The team, now known as the Brisbane Lions, will wear black armbands on Saturday night for their clash against the GWS Giants as a mark of respect for Cronin, as well as the NRL's Danny Frawley.
"Paul played a important role in bringing AFL to Queensland through leading the consortium that established the Brisbane Bears," the Lions said in a statement.
"A national Australian Rules football competition exists today because of the passion and energy of people like Paul and we are very grateful for his contribution to this legacy."
Born in Jamestown, South Australia in 1938, he was married to wife Helen for 50 years. She died in 2013.
He also starred as Gary Hogan in Matlock Police, and its spin-off Solo One (1976), both of which were set in a country town in Victoria.
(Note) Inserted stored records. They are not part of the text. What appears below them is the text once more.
(* Let $s\in[1/4,3/4]$, $\rho\ge2^{40}$, and let $g:(0,\infty)\to(0,\infty)$ be defined by $g(r):=\int_0^rg'(x)\,dx$, where $g'(r)=s\,r^{s-1}-s\rho^{s-1}$ for $r\in(0,\rho]$ and $g'(r)=0$ for $r\ge\rho$. Let $\lambda:[0,T]\to[0,1]$ be any function and define, for $v\in\mathbb{Z}\times\mathbb{R}$, $$B(t,v):=\langle v\rangle^3\exp[\lambda(t)g(\langle v\rangle)].$$ Then for all $t$ and $v,w\in\mathbb{Z}\times\mathbb{R}$, $$B(t,v+w)\lesssim B(t,v)B(t,w)\min(\langle v\rangle,\langle w\rangle)^{-3}.$$ Moreover, if $|v|\le|w|$ and $|w-v|\le|v|/4$, then $$|B(t,w)-B(t,v)|\lesssim[1+\lambda(t)g(\langle v\rangle)]\langle v\rangle^{-1}B(t,v)\cdot B(t,v-w)\langle v-w\rangle^{-2}.$$ The implicit constants are independent of $t$, $\lambda$, $s$, and $\rho$.
   Context: $\langle v\rangle=(1+|v|^2)^{1/2}$ with $|v|$ the Euclidean norm of $v=(k,\xi)\in\mathbb{Z}\times\mathbb{R}\subset\mathbb{R}^2$. *)

theory Defs
  imports "HOL-Analysis.Analysis"
begin

definition vnorm :: "int \<times> real \<Rightarrow> real" where
  "vnorm v = sqrt ((real_of_int (fst v))\<^sup>2 + (snd v)\<^sup>2)"

definition jbr :: "int \<times> real \<Rightarrow> real" where
  "jbr v = sqrt (1 + (vnorm v)\<^sup>2)"

definition gder :: "real \<Rightarrow> real \<Rightarrow> real \<Rightarrow> real" where
  "gder s \<rho> r = (if r \<le> \<rho> then s * r powr (s - 1) - s * \<rho> powr (s - 1) else 0)"

definition gfun :: "real \<Rightarrow> real \<Rightarrow> real \<Rightarrow> real" where
  "gfun s \<rho> r = integral {0..r} (gder s \<rho>)"
lemma pm_coclique_card_le:
  assumes "k \<ge> 1" "pm_coclique k S"
  shows "card S \<le> dfact (2*k - 3)"
proof -
  obtain F where F: "pm_clique k F" "card F = 2*k - 1"
    using pm_clique_exists[OF assms(1)] by blast
  have "card F * card S \<le> card (perfect_matchings k)"
  proof (rule transitive_permutation_action.clique_times_coclique_le
      [OF pm_transitive_permutation_action, where adj = pm_adj])
    show "pm_adj (pm_act \<sigma> M) (pm_act \<sigma> N)" if "\<sigma> permutes {0..<2*k}" "pm_adj M N" for \<sigma> M N
      using that pm_act_disjoint_iff[OF permutes_inj[OF that(1)]] by (simp add: pm_adj_def)
  qed (use F(1) assms(2) in \<open>auto simp: pm_clique_def pm_coclique_def\<close>)
  also have "card (perfect_matchings k) = (2*k - 1) * dfact (2*k - 3)"
    using card_perfect_matchings_on[of "{0..<2*k}" k] dfact_twice_minus_one[OF assms(1)]
    by (simp add: perfect_matchings_eq_perfect_matchings_on)
  finally show ?thesis
    using F(2) assms(1) by simp
qed

theorem theorem3p3:
  fixes k :: nat
  assumes "k \<ge> 1"
  shows "vertex_transitive_pm k
    \<and> (\<forall>\<sigma>. \<sigma> permutes {0..<2*k} \<longrightarrow> pm_automorphism k (pm_act \<sigma>))
    \<and> (\<forall>M\<in>perfect_matchings k. \<forall>N\<in>perfect_matchings k.
          \<exists>\<sigma>. \<sigma> permutes {0..<2*k} \<and> pm_act \<sigma> M = N)
    \<and> (\<exists>C. pm_clique k C \<and> card C = 2*k - 1)
    \<and> (\<forall>C. pm_clique k C \<longrightarrow> card C \<le> 2*k - 1)
    \<and> (\<exists>C. pm_coclique k C \<and> card C = dfact (2*k - 3))
    \<and> (\<forall>C. pm_coclique k C \<longrightarrow> card C \<le> dfact (2*k - 3))"
proof -
  have automorphisms: "\<forall>\<sigma>. \<sigma> permutes {0..<2*k} \<longrightarrow> pm_automorphism k (pm_act \<sigma>)"
    using pm_automorphism_pm_act by blast
  have transitive: "\<forall>M\<in>perfect_matchings k. \<forall>N\<in>perfect_matchings k.
      \<exists>\<sigma>. \<sigma> permutes {0..<2*k} \<and> pm_act \<sigma> M = N"
    using perfect_matchings_on_transitive by (simp add: perfect_matchings_eq_perfect_matchings_on)
  have "vertex_transitive_pm k"
    unfolding vertex_transitive_pm_def using automorphisms transitive by metis
  have "\<forall>C. pm_clique k C \<longrightarrow> card C \<le> 2*k - 1"
    using pm_clique_card_le assms by blast
  have "\<forall>C. pm_coclique k C \<longrightarrow> card C \<le> dfact (2*k - 3)"
    using pm_coclique_card_le[OF assms] by blast
  show ?thesis
    by (intro conjI pm_clique_exists[OF assms] pm_coclique_exists[OF assms]) fact+
qed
Other TV credits included Homicide, Division 4, The Flying Doctors, A Place To Call Home, and State Coroner.
In the 1980s, Cronin fronted a series of TV commercials about drink driving, with his tagline "What sort of friend are you? ... Would you let a mate drink and drive?"
He died surrounded by his four daughters and grandchildren, the Herald Sun reported.
"He was the most wonderful father, he was protective, he would have done everything for his girls," daughter Susanne said.
"We loved him so much, he adored mum so much."
Australian entertainers have paid tribute to the actor online.
"Saddened to hear of the death of our old family friend Paul Cronin. Great actor, great guy. Will be missed," wrote comedian Marty Fields on Twitter.
Radio host Simon Owens said he shared many laughs while working together.
"So sad to hear of the passing of the lovely Paul Cronin. It was an honour to have worked with the great man. Many, many laughs. There will never be another Dave Sullivan," he wrote.